Comitas latescens

Scientific classification
- Kingdom: Animalia
- Phylum: Mollusca
- Class: Gastropoda
- Subclass: Caenogastropoda
- Order: Neogastropoda
- Superfamily: Conoidea
- Family: Pseudomelatomidae
- Genus: Comitas
- Species: C. latescens
- Binomial name: Comitas latescens (Hutton, 1873)
- Synonyms: Pleurotoma latescens Hutton, 1873 (original combination)

= Comitas latescens =

- Authority: (Hutton, 1873)
- Synonyms: Pleurotoma latescens Hutton, 1873 (original combination)
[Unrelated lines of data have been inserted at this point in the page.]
lemma higher_deriv_Digamma_reflection_diff:
  fixes x :: complex
  assumes "x \<notin> \<int>"
  shows "(deriv ^^ n) (\<lambda>t. Digamma (1 - x + t) - Digamma (x - t)) 0
           = Polygamma n (1 - x) - (-1) ^ n * Polygamma n x"
proof -
  have x: "x \<notin> \<int>\<^sub>\<le>\<^sub>0" "1 - x \<notin> \<int>\<^sub>\<le>\<^sub>0"
    using assms nonpos_Ints_subset_Ints Ints_diff[of 1 "1 - x"] by auto
  have "(deriv ^^ n) (\<lambda>t. Digamma (1 - x + 1 * t) - Digamma (x + (-1) * t)) 0
      = (deriv ^^ n) (\<lambda>t. Digamma (1 - x + 1 * t)) 0 - (deriv ^^ n) (\<lambda>t. Digamma (x + (-1) * t)) 0"
    using x by (intro higher_deriv_diff_at) (auto intro!: analytic_intros)
  also have "\<dots> = Polygamma n (1 - x) - (-1) ^ n * Polygamma n x"
    using higher_deriv_Polygamma_affine[OF x(2), of n 0 1] higher_deriv_Polygamma_affine[OF x(1), of n 0 "-1"]
    by simp
  finally show ?thesis
    by simp
qed

lemma cot_exp_eq:
  fixes z :: complex
  shows "cot z = \<i> * (1 + exp (-2 * \<i> * z)) / (1 - exp (-2 * \<i> * z))"
proof -
  define u where "u = exp (\<i> * z)"
  define v where "v = exp (- (\<i> * z))"
  have uv: "u * v = 1" "v \<noteq> 0" by (simp_all add: u_def v_def flip: exp_add)
  have "cot z = (u + v) / 2 / ((u - v) / (2 * \<i>))"
    by (simp add: cot_def sin_exp_eq cos_exp_eq u_def v_def)
  also have "\<dots> = \<i> * (1 + v * v) / (1 - v * v)"
  proof (cases "u = v")
    case False
    have "1 - v * v = v * (u - v)"
      using uv by (simp add: algebra_simps)
    with False uv have "1 - v * v \<noteq> 0" by simp
    with False uv show ?thesis by (simp add: field_simps)
  qed (use uv in \<open>simp add: algebra_simps\<close>)
  also have "v * v = exp (-2 * \<i> * z)"
    by (simp add: v_def mult.assoc flip: exp_add)
  finally show ?thesis .
qed

lemma exp_2pi_i_eq_1_iff: "exp (2 * of_real pi * \<i> * z) = 1 \<longleftrightarrow> z \<in> \<int>"
proof
  assume "exp (2 * of_real pi * \<i> * z) = 1"
  then obtain n :: int where "Im z = 0" "Re z = of_int n"
    by (auto simp: exp_eq_1)
  then have "z = of_int n" by (simp add: complex_eq_iff)
  then show "z \<in> \<int>" by simp
next
  assume "z \<in> \<int>"
  then show "exp (2 * of_real pi * \<i> * z) = 1"
    by (auto elim!: Ints_cases simp: mult_ac)
qed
Extinct species of gastropod

Comitas latescens is an extinct species of sea snails, a marine gastropod mollusc in the family Pseudomelatomidae, the turrids and allies.

==Description==
The length of the shell attains 21.5 mm, its diameter 10.1 mm.

The fusiform shell has an acute spire. The rounded whorls are closely spirally striated. The spire whorls are obliquely plicated. There is a deep, broad groove at the suture. The aperture is ovate. The siphonal canal is rather produced. The body whorl is shorter than the spire.

==Distribution==
This extinct marine species was endemic to New Zealand and was found off Mount Brown.